WHAT IS NEEDED | Among the entries below, how many lines include the string "bool"? Answer with only the number.

● ● ●

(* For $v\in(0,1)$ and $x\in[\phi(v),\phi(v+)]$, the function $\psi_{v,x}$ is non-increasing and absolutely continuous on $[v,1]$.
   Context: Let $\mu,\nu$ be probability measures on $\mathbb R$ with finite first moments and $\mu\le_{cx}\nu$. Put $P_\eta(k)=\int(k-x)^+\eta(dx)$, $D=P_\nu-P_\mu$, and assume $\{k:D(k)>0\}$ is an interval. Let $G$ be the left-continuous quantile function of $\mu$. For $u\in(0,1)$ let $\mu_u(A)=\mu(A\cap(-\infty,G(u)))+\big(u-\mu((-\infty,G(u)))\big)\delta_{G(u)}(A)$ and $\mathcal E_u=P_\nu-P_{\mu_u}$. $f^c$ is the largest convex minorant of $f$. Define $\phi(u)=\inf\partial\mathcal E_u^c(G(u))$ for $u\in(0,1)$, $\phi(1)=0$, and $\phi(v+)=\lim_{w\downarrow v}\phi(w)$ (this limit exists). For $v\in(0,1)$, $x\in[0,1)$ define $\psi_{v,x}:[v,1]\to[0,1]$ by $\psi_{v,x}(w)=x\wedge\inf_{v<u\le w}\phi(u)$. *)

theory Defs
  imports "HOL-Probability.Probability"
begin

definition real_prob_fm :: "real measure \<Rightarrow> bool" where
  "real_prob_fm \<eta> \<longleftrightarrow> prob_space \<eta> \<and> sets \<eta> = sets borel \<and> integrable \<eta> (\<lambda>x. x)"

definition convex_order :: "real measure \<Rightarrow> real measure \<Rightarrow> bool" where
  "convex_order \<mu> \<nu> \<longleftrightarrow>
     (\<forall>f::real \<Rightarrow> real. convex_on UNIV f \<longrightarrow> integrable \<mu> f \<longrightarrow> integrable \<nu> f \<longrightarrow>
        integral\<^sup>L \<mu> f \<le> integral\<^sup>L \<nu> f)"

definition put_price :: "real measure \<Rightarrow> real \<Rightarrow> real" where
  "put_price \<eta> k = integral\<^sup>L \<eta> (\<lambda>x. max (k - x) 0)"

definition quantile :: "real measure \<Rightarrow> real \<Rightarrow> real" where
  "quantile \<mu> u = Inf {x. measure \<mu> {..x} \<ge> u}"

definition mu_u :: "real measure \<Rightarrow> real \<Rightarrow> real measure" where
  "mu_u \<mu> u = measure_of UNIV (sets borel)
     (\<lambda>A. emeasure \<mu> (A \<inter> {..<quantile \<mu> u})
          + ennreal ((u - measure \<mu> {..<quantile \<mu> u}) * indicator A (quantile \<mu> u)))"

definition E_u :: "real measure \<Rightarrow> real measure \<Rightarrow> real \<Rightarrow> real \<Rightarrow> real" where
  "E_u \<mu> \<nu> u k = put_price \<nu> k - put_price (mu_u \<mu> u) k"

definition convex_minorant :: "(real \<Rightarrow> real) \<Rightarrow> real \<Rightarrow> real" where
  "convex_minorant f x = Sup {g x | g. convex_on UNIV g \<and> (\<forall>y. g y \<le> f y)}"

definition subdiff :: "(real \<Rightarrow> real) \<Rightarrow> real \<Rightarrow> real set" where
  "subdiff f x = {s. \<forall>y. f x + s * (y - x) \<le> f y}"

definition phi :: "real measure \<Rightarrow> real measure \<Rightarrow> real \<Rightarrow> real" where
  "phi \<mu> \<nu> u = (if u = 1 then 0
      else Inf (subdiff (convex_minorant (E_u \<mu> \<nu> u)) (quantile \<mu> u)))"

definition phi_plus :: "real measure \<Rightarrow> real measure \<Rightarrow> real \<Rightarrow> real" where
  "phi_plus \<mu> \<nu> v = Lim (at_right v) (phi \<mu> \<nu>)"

● ● ●

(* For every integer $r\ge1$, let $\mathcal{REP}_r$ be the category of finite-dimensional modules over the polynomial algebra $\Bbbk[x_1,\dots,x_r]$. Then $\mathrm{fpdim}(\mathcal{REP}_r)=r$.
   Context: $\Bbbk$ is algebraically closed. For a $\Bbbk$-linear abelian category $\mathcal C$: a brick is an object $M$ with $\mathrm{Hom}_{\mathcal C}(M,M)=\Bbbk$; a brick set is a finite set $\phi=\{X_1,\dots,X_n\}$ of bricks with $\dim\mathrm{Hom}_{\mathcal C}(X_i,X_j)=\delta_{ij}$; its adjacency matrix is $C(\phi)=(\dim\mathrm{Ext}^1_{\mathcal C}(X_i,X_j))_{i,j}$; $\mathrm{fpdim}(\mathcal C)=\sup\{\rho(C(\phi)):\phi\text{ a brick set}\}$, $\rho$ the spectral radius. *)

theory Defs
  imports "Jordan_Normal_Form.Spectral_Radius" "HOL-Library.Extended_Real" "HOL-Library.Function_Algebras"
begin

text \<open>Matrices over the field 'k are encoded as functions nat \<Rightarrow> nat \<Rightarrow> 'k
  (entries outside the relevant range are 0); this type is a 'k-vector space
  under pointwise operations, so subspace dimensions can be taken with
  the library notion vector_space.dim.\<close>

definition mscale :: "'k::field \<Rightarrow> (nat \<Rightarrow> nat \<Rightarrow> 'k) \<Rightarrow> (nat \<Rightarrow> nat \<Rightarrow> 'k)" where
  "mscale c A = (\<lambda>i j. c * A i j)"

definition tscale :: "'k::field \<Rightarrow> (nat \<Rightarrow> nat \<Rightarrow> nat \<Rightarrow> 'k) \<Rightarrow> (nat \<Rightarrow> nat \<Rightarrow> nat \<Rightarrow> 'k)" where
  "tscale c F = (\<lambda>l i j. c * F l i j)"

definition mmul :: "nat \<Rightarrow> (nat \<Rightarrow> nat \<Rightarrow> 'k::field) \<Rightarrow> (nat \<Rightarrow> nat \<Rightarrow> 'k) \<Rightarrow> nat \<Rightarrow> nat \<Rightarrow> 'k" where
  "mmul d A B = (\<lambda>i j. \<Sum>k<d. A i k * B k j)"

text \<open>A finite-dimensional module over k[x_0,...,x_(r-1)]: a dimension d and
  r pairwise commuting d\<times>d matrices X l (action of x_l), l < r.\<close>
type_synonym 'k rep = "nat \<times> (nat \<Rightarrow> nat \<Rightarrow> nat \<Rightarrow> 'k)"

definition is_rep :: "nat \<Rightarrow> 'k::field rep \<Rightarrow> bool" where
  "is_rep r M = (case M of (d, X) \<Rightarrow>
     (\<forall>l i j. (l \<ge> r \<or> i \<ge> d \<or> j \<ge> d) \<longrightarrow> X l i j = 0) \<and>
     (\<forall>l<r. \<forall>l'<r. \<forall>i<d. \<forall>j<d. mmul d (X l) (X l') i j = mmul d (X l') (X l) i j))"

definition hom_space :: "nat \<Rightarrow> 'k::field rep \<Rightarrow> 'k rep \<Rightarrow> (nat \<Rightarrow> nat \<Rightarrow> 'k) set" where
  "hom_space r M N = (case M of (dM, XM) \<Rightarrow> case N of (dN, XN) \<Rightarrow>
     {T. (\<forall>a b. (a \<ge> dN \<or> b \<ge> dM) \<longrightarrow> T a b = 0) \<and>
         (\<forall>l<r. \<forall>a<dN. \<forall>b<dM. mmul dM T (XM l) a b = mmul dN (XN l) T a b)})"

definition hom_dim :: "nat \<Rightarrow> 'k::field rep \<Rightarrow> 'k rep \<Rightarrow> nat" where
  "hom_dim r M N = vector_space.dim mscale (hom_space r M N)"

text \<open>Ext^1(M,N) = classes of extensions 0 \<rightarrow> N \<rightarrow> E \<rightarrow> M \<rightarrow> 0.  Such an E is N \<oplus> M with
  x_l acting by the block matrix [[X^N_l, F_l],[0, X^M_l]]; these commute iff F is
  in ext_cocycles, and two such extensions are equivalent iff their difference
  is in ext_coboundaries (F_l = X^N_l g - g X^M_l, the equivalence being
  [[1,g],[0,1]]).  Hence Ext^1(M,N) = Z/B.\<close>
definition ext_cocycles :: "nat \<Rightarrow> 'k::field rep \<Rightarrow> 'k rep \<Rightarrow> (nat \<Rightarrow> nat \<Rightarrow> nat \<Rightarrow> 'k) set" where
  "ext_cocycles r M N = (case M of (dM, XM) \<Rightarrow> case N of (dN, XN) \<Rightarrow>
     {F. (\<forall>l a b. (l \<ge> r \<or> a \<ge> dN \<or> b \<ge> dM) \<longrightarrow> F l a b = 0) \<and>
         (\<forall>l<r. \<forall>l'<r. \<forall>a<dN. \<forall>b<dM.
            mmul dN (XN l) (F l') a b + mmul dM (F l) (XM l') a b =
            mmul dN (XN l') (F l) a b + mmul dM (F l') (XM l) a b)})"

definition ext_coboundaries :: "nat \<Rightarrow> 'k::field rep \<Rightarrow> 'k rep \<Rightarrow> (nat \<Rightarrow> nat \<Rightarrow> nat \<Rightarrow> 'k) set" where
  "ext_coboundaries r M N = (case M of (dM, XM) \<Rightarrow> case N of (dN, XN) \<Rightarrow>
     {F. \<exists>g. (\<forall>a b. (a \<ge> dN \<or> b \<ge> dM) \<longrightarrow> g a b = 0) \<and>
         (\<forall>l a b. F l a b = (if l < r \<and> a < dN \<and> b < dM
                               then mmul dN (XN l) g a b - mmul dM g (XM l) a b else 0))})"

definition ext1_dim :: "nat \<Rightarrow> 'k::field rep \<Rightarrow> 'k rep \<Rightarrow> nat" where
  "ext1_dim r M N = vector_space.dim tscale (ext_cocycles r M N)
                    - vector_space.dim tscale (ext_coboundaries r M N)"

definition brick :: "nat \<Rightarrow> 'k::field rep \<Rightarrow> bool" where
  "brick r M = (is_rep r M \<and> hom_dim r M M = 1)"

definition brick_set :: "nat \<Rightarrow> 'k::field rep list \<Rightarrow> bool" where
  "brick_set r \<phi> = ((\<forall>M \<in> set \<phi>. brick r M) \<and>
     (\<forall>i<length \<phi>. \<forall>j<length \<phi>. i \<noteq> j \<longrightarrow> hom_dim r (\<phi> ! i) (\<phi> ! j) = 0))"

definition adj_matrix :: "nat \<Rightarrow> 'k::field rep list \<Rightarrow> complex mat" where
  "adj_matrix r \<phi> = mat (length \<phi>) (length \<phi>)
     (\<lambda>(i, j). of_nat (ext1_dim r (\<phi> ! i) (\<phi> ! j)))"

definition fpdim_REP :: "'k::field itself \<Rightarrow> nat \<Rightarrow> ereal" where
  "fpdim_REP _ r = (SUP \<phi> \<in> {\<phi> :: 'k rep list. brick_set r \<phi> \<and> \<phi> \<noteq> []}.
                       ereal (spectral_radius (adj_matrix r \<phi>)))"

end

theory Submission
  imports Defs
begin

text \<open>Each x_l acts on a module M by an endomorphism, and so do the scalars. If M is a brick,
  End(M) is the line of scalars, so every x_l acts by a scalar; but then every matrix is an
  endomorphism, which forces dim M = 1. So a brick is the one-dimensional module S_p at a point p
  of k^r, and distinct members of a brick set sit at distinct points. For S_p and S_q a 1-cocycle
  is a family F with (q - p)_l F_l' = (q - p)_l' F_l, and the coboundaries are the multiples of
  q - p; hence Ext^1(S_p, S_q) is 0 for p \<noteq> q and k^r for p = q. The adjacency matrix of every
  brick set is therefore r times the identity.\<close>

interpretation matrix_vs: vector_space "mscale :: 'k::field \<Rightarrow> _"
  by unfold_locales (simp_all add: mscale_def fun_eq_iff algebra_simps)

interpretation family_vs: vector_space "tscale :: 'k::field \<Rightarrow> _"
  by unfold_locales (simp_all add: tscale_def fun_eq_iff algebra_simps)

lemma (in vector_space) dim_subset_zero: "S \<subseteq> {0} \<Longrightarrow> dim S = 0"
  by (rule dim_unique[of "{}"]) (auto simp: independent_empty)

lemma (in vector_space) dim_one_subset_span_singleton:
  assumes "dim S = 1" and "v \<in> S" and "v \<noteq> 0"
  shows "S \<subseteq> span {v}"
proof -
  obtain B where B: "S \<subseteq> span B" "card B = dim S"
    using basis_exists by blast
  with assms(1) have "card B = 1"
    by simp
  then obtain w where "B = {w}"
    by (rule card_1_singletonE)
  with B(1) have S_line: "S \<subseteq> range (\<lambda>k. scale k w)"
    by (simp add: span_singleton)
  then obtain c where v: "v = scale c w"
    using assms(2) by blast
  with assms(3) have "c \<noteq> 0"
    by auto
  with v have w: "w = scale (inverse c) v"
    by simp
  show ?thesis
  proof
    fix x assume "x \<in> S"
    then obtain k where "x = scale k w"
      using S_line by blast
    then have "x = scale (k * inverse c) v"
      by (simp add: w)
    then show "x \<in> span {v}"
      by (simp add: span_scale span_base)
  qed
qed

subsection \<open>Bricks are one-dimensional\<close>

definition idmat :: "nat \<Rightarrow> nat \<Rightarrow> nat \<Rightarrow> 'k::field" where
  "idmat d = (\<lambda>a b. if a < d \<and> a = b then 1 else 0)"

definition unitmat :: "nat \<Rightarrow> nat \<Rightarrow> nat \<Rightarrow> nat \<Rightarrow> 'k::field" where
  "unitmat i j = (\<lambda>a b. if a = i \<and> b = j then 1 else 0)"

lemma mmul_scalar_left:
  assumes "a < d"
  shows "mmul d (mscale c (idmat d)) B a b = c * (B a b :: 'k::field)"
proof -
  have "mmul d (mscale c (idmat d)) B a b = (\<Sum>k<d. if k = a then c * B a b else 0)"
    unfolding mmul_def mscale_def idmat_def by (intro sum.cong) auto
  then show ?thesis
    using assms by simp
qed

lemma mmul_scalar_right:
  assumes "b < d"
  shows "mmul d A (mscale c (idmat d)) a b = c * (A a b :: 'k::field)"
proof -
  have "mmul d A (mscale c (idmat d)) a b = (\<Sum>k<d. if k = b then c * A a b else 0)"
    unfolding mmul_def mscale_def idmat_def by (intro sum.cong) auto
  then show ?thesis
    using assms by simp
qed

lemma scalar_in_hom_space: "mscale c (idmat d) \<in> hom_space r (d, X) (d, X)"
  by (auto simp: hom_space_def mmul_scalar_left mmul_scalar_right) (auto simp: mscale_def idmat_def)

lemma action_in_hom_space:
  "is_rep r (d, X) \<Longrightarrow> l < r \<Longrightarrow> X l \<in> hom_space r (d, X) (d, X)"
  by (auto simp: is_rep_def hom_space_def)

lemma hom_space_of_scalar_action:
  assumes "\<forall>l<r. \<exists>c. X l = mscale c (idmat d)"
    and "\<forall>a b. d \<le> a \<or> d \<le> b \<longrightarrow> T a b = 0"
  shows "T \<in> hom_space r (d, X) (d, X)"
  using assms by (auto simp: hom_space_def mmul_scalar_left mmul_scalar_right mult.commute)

● ● ●

RESPONSE TO THE TASK | 5